*** Opening Data shown ***
text \<open>P is a q-haven for v anchored at w; note ceil(q/3) = (q+2) div 3 and
floor(2q/3) = (2q) div 3.\<close>
definition haven_for :: "'a set set \<Rightarrow> nat \<Rightarrow> 'a \<Rightarrow> 'a list \<Rightarrow> 'a \<Rightarrow> bool" where
  "haven_for E q w P v \<longleftrightarrow> haven E q w P \<and> v \<in> set P \<and>
     (\<exists>d. path_dist P v w d \<and> (q + 2) div 3 \<le> d \<and> d \<le> (2 * q) div 3)"

definition strong_haven :: "'a set set \<Rightarrow> nat \<Rightarrow> 'a \<Rightarrow> 'a list \<Rightarrow> bool" where
  "strong_haven E q w P \<longleftrightarrow> haven_for E q w P (hd P) \<and> haven_for E q w P (last P)"

definition hat_haven_edges :: "'a set set \<Rightarrow> nat \<Rightarrow> 'a \<Rightarrow> 'a list \<Rightarrow> 'a set set \<Rightarrow> 'a set set \<Rightarrow> bool" where
  "hat_haven_edges E q w P T F \<longleftrightarrow> strong_haven E q w P \<and> T \<subseteq> E \<and> card T = 3 \<and>
     (\<forall>e\<in>T. w \<in> e) \<and> F = path_edges P \<union> T"

definition meta_haven :: "'a set \<Rightarrow> 'a set set \<Rightarrow> nat \<Rightarrow> nat \<Rightarrow> 'a set \<Rightarrow> 'a set set \<Rightarrow> bool" where
  "meta_haven V E r q V' E' \<longleftrightarrow>
     (\<exists>hs :: ('a \<times> 'a list \<times> 'a set set) list. length hs = r \<and>
        (\<forall>(w, P, T) \<in> set hs. hat_haven_edges E q w P T (path_edges P \<union> T)) \<and>
        E' = (\<Union>(w, P, T) \<in> set hs. path_edges P \<union> T)) \<and>
     V' = \<Union>E' \<and> connected_graph V' E'"

definition sliding_move :: "'a set set \<Rightarrow> 'r set \<Rightarrow> ('r \<Rightarrow> 'a) \<Rightarrow> ('r \<Rightarrow> 'a) \<Rightarrow> bool" where
  "sliding_move E R c c' \<longleftrightarrow>
     (\<exists>x\<in>R. \<exists>p. is_path E p \<and> length p \<ge> 2 \<and> hd p = c x \<and> last p = c' x \<and>
        (\<forall>y\<in>R. y \<noteq> x \<longrightarrow> c y \<notin> set p \<and> c' y = c y))"

definition move_sequence :: "'a set set \<Rightarrow> 'r set \<Rightarrow> ('r \<Rightarrow> 'a) list \<Rightarrow> bool" where
  "move_sequence E R cs \<longleftrightarrow> cs \<noteq> [] \<and> (\<forall>i. Suc i < length cs \<longrightarrow> sliding_move E R (cs ! i) (cs ! Suc i))"

end

theory Submission
  imports Defs "HOL-Real_Asymp.Real_Asymp"
begin

text \<open>The anchor w of a strong haven has a third neighbour besides its two neighbours on the haven,
  and both arms of the haven at w have length at least q/3. Shortcutting the haven if that
  neighbour lies on it, one obtains a T-junction: a path with a pendant vertex b at a branch vertex,
  both arms of which have room for all k robots. The robots of S are first gathered, by cascades of
  slides along paths of the meta-haven, on the k vertices of the left arm next to the branch vertex.
  There two robots are exchanged in O(k) moves by parking one on b and pushing the robots between
  them over the branch vertex onto the right arm, so any permutation costs O(k^2) moves. Running
  the gathering backwards from the target configuration finishes the reconfiguration, in
  O(k |V'|) = O(k^4) moves since a meta-haven has O(k^3) vertices.\<close>

section \<open>Simple paths\<close>

lemma is_path_rev:
  assumes "is_path E p"
  shows "is_path E (rev p)"
  unfolding is_path_def
proof (intro conjI allI impI)
  show "rev p \<noteq> []" "distinct (rev p)" using assms by (auto simp: is_path_def)
  fix i assume i: "Suc i < length (rev p)"
  have "{p ! (length p - Suc (Suc i)), p ! Suc (length p - Suc (Suc i))} \<in> E"
    using assms i by (auto simp: is_path_def)
  moreover have "Suc (length p - Suc (Suc i)) = length p - Suc i" using i by simp
  ultimately show "{rev p ! i, rev p ! Suc i} \<in> E" using i
    by (simp add: rev_nth insert_commute)
qed

lemma is_path_take: "is_path E p \<Longrightarrow> 0 < k \<Longrightarrow> is_path E (take k p)"
  unfolding is_path_def by auto

lemma is_path_drop: "is_path E p \<Longrightarrow> k < length p \<Longrightarrow> is_path E (drop k p)"
  unfolding is_path_def by (auto simp: add.commute)

lemma is_path_map:
  assumes "xs \<noteq> []" "distinct xs" "inj_on f (set xs)"
    "\<And>i. Suc i < length xs \<Longrightarrow> {f (xs ! i), f (xs ! Suc i)} \<in> E"
  shows "is_path E (map f xs)"
  using assms by (auto simp: is_path_def distinct_map)

lemma is_path_append:
  assumes "is_path E p1" "is_path E p2" "set p1 \<inter> set p2 = {}" "{last p1, hd p2} \<in> E"
  shows "is_path E (p1 @ p2)"
  unfolding is_path_def
proof (intro conjI allI impI)
  have ne: "p1 \<noteq> []" "p2 \<noteq> []" using assms(1,2) by (auto simp: is_path_def)
  then show "p1 @ p2 \<noteq> []" by simp
  show "distinct (p1 @ p2)" using assms(1-3) by (simp add: is_path_def)
  fix i assume i: "Suc i < length (p1 @ p2)"
  consider "Suc i < length p1" | "Suc i = length p1" | "length p1 \<le> i" by linarith
  then show "{(p1 @ p2) ! i, (p1 @ p2) ! Suc i} \<in> E"
  proof cases
    case 1
    then show ?thesis using assms(1) by (simp add: is_path_def nth_append)
  next
    case 2
    then have "i = length p1 - 1" by simp
    then have "(p1 @ p2) ! i = last p1" "(p1 @ p2) ! Suc i = hd p2"
      using ne by (simp_all add: nth_append last_conv_nth hd_conv_nth)
    then show ?thesis using assms(4) by simp
  next
    case 3
    then have "Suc i - length p1 = Suc (i - length p1)" "Suc (i - length p1) < length p2"
      using i by auto
    then show ?thesis using assms(2) 3 by (simp add: is_path_def nth_append)
  qed
qed

lemma is_path_Cons:
  assumes "is_path E p" "v \<notin> set p" "{v, hd p} \<in> E"
  shows "is_path E (v # p)"
  using is_path_append[of E "[v]" p] assms by (simp add: is_path_def)

lemma path_edges_subset: "is_path E p \<Longrightarrow> path_edges p \<subseteq> E"
  unfolding path_edges_def is_path_def by auto

lemma is_path_path_edges_mono: "is_path E p \<Longrightarrow> path_edges p \<subseteq> E' \<Longrightarrow> is_path E' p"
  unfolding path_edges_def is_path_def by blast

lemma card_path_edges_le: "card (path_edges p) \<le> length p - 1"
proof -
  have "path_edges p = (\<lambda>i. {p ! i, p ! Suc i}) ` {..<length p - 1}"
    unfolding path_edges_def by auto
  then show ?thesis using card_image_le[of "{..<length p - 1}"] by simp
qed

lemma set_path_subset_Union:
  assumes "is_path E p" "2 \<le> length p"
  shows "set p \<subseteq> \<Union>E"
proof
  fix v assume "v \<in> set p"
  then obtain i where i: "i < length p" "p ! i = v" by (auto simp: in_set_conv_nth)
  show "v \<in> \<Union>E"
  proof (cases "Suc i < length p")
    case True
    then have "{p ! i, p ! Suc i} \<in> E" using assms by (simp add: is_path_def)
    then show ?thesis using i by auto
  next
    case False
    then have "Suc (i - 1) < length p" "Suc (i - 1) = i" using i assms(2) by auto
    then have "{p ! (i - 1), p ! i} \<in> E" using assms(1) unfolding is_path_def by metis
    then show ?thesis using i by auto
  qed
qed

lemma nth_in_set_take_iff:
  "distinct p \<Longrightarrow> i < length p \<Longrightarrow> p ! i \<in> set (take k p) \<longleftrightarrow> i < k"
  by (auto simp: in_set_conv_nth nth_eq_iff_index_eq)

lemma nth_in_set_drop_iff:
  assumes "distinct p" "i < length p"
  shows "p ! i \<in> set (drop k p) \<longleftrightarrow> k \<le> i"
proof
  assume "p ! i \<in> set (drop k p)"
  then obtain l where "l < length p - k" "p ! i = p ! (k + l)" by (auto simp: in_set_conv_nth)
  then show "k \<le> i" using assms nth_eq_iff_index_eq by fastforce
next
  assume "k \<le> i"
  then show "p ! i \<in> set (drop k p)"
    using assms(2) nth_mem[of "i - k" "drop k p"] by simp
qed

section \<open>Reachability by sliding moves\<close>

lemma sliding_move_along_path:
  assumes "is_path E p" "2 \<le> length p" "x \<in> R" "c x = hd p"
    "\<forall>y\<in>R. y \<noteq> x \<longrightarrow> c y \<notin> set p"
  shows "sliding_move E R c (c(x := last p))"
  unfolding sliding_move_def using assms by (intro bexI[of _ x] exI[of _ p]) auto

lemma sliding_move_rev: "sliding_move E R c c' \<Longrightarrow> sliding_move E R c' c"
  unfolding sliding_move_def
  by (metis (no_types, lifting) hd_rev is_path_rev last_rev length_rev set_rev)

lemma sliding_move_cong:
  "sliding_move E R c c' \<Longrightarrow> \<forall>x\<in>R. d x = c x \<Longrightarrow> \<forall>x\<in>R. d' x = c' x \<Longrightarrow> sliding_move E R d d'"
  unfolding sliding_move_def by (metis (no_types, lifting))

text \<open>Configurations are only compared on the robot set R; the index bounds the number of moves.\<close>
inductive reach_within :: "'a set set \<Rightarrow> 'r set \<Rightarrow> ('r \<Rightarrow> 'a) \<Rightarrow> ('r \<Rightarrow> 'a) \<Rightarrow> nat \<Rightarrow> bool"
  for E R where
  reach_within_agree: "\<forall>x\<in>R. c x = c' x \<Longrightarrow> reach_within E R c c' n"
| reach_within_step: "sliding_move E R c c1 \<Longrightarrow> reach_within E R c1 c2 n \<Longrightarrow> reach_within E R c c2 (Suc n)"

lemma reach_within_refl: "reach_within E R c c n"
  by (simp add: reach_within_agree)

lemma reach_within_single: "sliding_move E R c c' \<Longrightarrow> reach_within E R c c' 1"
  using reach_within_step[OF _ reach_within_refl] by simp

lemma reach_within_mono: "reach_within E R c c' n \<Longrightarrow> n \<le> m \<Longrightarrow> reach_within E R c c' m"
proof (induction arbitrary: m rule: reach_within.induct)
  case (reach_within_agree c c' n)
  then show ?case by (simp add: reach_within.reach_within_agree)
next
  case (reach_within_step c c1 c2 n)
  then obtain m' where "m = Suc m'" "n \<le> m'" by (metis Suc_le_D Suc_le_mono)
  then show ?case using reach_within_step by (simp add: reach_within.reach_within_step)
qed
*** Closing Data shown ***
What needs to be done:
If a line comes after the one with "(\<forall>e\<in>T. w \<in>", leave it out; reproduce exactly every line of the material from the first up to and including that one.

Exercise result:
text \<open>P is a q-haven for v anchored at w; note ceil(q/3) = (q+2) div 3 and
floor(2q/3) = (2q) div 3.\<close>
definition haven_for :: "'a set set \<Rightarrow> nat \<Rightarrow> 'a \<Rightarrow> 'a list \<Rightarrow> 'a \<Rightarrow> bool" where
  "haven_for E q w P v \<longleftrightarrow> haven E q w P \<and> v \<in> set P \<and>
     (\<exists>d. path_dist P v w d \<and> (q + 2) div 3 \<le> d \<and> d \<le> (2 * q) div 3)"

definition strong_haven :: "'a set set \<Rightarrow> nat \<Rightarrow> 'a \<Rightarrow> 'a list \<Rightarrow> bool" where
  "strong_haven E q w P \<longleftrightarrow> haven_for E q w P (hd P) \<and> haven_for E q w P (last P)"

definition hat_haven_edges :: "'a set set \<Rightarrow> nat \<Rightarrow> 'a \<Rightarrow> 'a list \<Rightarrow> 'a set set \<Rightarrow> 'a set set \<Rightarrow> bool" where
  "hat_haven_edges E q w P T F \<longleftrightarrow> strong_haven E q w P \<and> T \<subseteq> E \<and> card T = 3 \<and>
     (\<forall>e\<in>T. w \<in> e) \<and> F = path_edges P \<union> T"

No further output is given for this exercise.